Feasible and Transferable 3D Quality Control Model for ASL Images

Ruoge Lin1, Jixin Luan2, Aocai Yang2, Manxi Xu2, Guolin Ma2, Sudipto Dolui3, and Li Zhao1
1College of Biomedical Engineering & Instrument Science, Zhejiang University, Hangzhou, China, 2Department of Radiology, China-Japan Friendship Hospital, Beijing, China, 3Department of Radiology, University of Pennsylvania, Philadelphia, PA, United States

Synopsis

Keywords: Arterial Spin Labelling, Arterial spin labelling, Image Quality Control

Motivation: Arterial spin labeling (ASL) is vulnerable to motion and has low signal-to-noise ratio, which may cause unusable image quality.

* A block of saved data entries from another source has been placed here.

definition times_lower :: "(int \<times> int \<Rightarrow> 'a::semiring_1) \<Rightarrow> (int \<Rightarrow> 'a) \<Rightarrow> int \<times> int \<Rightarrow> 'a" where
  "times_lower g t = (\<lambda>(r, k). g (r, k) * t (r + k) + g (r, k + 1))"

definition times_upper :: "(int \<times> int \<Rightarrow> 'a::semiring_1) \<Rightarrow> (int \<Rightarrow> 'a) \<Rightarrow> (int \<Rightarrow> 'a) \<Rightarrow> int \<times> int \<Rightarrow> 'a" where
  "times_upper g s p = (\<lambda>(r, k). g (r, k) * s (r + k) + g (r, k - 1) * p (r + k))"

definition lower_bidiag :: "nat \<Rightarrow> (int \<Rightarrow> 'a::semiring_1) \<Rightarrow> 'a mat" where
  "lower_bidiag n t = offset_mat n (lower_times t offset_one)"

definition upper_bidiag :: "nat \<Rightarrow> (int \<Rightarrow> 'a::semiring_1) \<Rightarrow> (int \<Rightarrow> 'a) \<Rightarrow> 'a mat" where
  "upper_bidiag n s p = offset_mat n (upper_times s p offset_one)"

lemma offset_mat_carrier [simp]: "offset_mat n g \<in> carrier_mat n n"
  by (simp add: offset_mat_def)

lemma offset_mat_dim [simp]: "dim_row (offset_mat n g) = n" "dim_col (offset_mat n g) = n"
  by (simp_all add: offset_mat_def)

lemma offset_mat_index [simp]:
  "i < n \<Longrightarrow> j < n \<Longrightarrow> offset_mat n g $$ (i, j) = g (int i, int j - int i)"
  by (simp add: offset_mat_def)

lemma offset_mat_cong: "(\<And>x. f x = g x) \<Longrightarrow> offset_mat n f = offset_mat n g"
  by (simp add: offset_mat_def)

lemma offset_mat_add: "offset_mat n f + offset_mat n g = offset_mat n (\<lambda>x. f x + g x)"
  by (rule eq_matI) auto

lemma offset_mat_diff: "offset_mat n f - offset_mat n g = offset_mat n (\<lambda>x. f x - g x)"
  by (rule eq_matI) auto

lemma offset_mat_smult: "z \<cdot>\<^sub>m offset_mat n g = offset_mat n (\<lambda>x. z * g x)"
  by (rule eq_matI) auto

lemma offset_mat_one: "offset_mat n offset_one = 1\<^sub>m n"
  by (rule eq_matI) (auto simp: offset_one_def)

lemma sum_lessThan_if_int_eq:
  "(\<Sum>l<n. if int l = m then h l else 0) = (if 0 \<le> m \<and> m < int n then h (nat m) else 0)"
proof -
  have "(\<Sum>l<n. if int l = m then h l else 0) = (\<Sum>l<n. if l = nat m \<and> 0 \<le> m then h l else 0)"
    by (rule sum.cong) auto
  then show ?thesis by (auto simp: sum.If_cases)
qed
lemma abs_sin_less_imp_near_int_mult_pi:
  fixes u \<delta> :: real
  assumes "\<bar>sin u\<bar> < \<delta>" "\<delta> \<le> 1/2"
  shows "\<exists>k::int. \<bar>u - of_int k * pi\<bar> < 2*\<delta>"
proof -
  define k where "k = \<lfloor>u/pi + 1/2\<rfloor>"
  define v where "v = u - of_int k * pi"
  have "of_int k \<le> u/pi + 1/2" "u/pi + 1/2 < of_int k + 1"
    unfolding k_def by linarith+
  then have "-pi/2 \<le> v" "v \<le> pi/2"
    unfolding v_def using pi_gt_zero by (auto simp: field_simps)
  then have v: "\<bar>v\<bar> \<le> pi/2" by linarith
  have "sin \<bar>v\<bar> = \<bar>sin v\<bar>"
    using v sin_ge_zero[of v] sin_ge_zero[of "-v"] by (cases "0 \<le> v") auto
  then have sin_v: "sin \<bar>v\<bar> < \<delta>"
    using assms(1) abs_sin_diff_int_mult_pi[of u k] by (simp add: v_def)
  have "\<bar>v\<bar> < 2*\<delta>"
  proof (cases "\<bar>v\<bar> \<le> pi/3")
    case True
    then show ?thesis using half_le_sin[of "\<bar>v\<bar>"] sin_v by linarith
  next
    case False
    then have "sin (pi/3) \<le> sin \<bar>v\<bar>"
      using v by (intro sin_monotone_2pi_le) auto
    then have "sqrt 3 / 2 < \<delta>" using sin_v by (simp add: sin_60)
    moreover have "1 \<le> sqrt 3" by simp
    ultimately show ?thesis using assms(2) by linarith
  qed
  then show ?thesis unfolding v_def by blast
qed

lemma abs_sin_less_in_sets:
  "{\<theta>\<in>{0..2*pi}. \<bar>sin (\<theta> - \<psi>)\<bar> < \<delta>} \<in> sets lebesgue"
proof -
  have "open {\<theta>::real. \<bar>sin (\<theta> - \<psi>)\<bar> < \<delta>}"
    by (intro open_Collect_less continuous_intros)
  then have "{0..2*pi} \<inter> {\<theta>. \<bar>sin (\<theta> - \<psi>)\<bar> < \<delta>} \<in> sets lebesgue"
    by (simp add: borel_open)
  moreover have "{\<theta>\<in>{0..2*pi}. \<bar>sin (\<theta> - \<psi>)\<bar> < \<delta>} = {0..2*pi} \<inter> {\<theta>. \<bar>sin (\<theta> - \<psi>)\<bar> < \<delta>}"
    by auto
  ultimately show ?thesis by simp
qed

Goal(s): To propose a feasible and transferable quality control model for 3D ASL images across multiple cohorts/sites.

Approach: A novel model was proposed with a long short-term memory network for flexible volume inputs and a domain-adversarial neural network for model generalization, which was validated on two different datasets and the performance was evaluated with and without domain adaptation.

Results: The model achieved 24% and 31% higher accuracy in slice-wise and volume-wise evaluation on the unlabeled target dataset compared to the one without domain adaptation.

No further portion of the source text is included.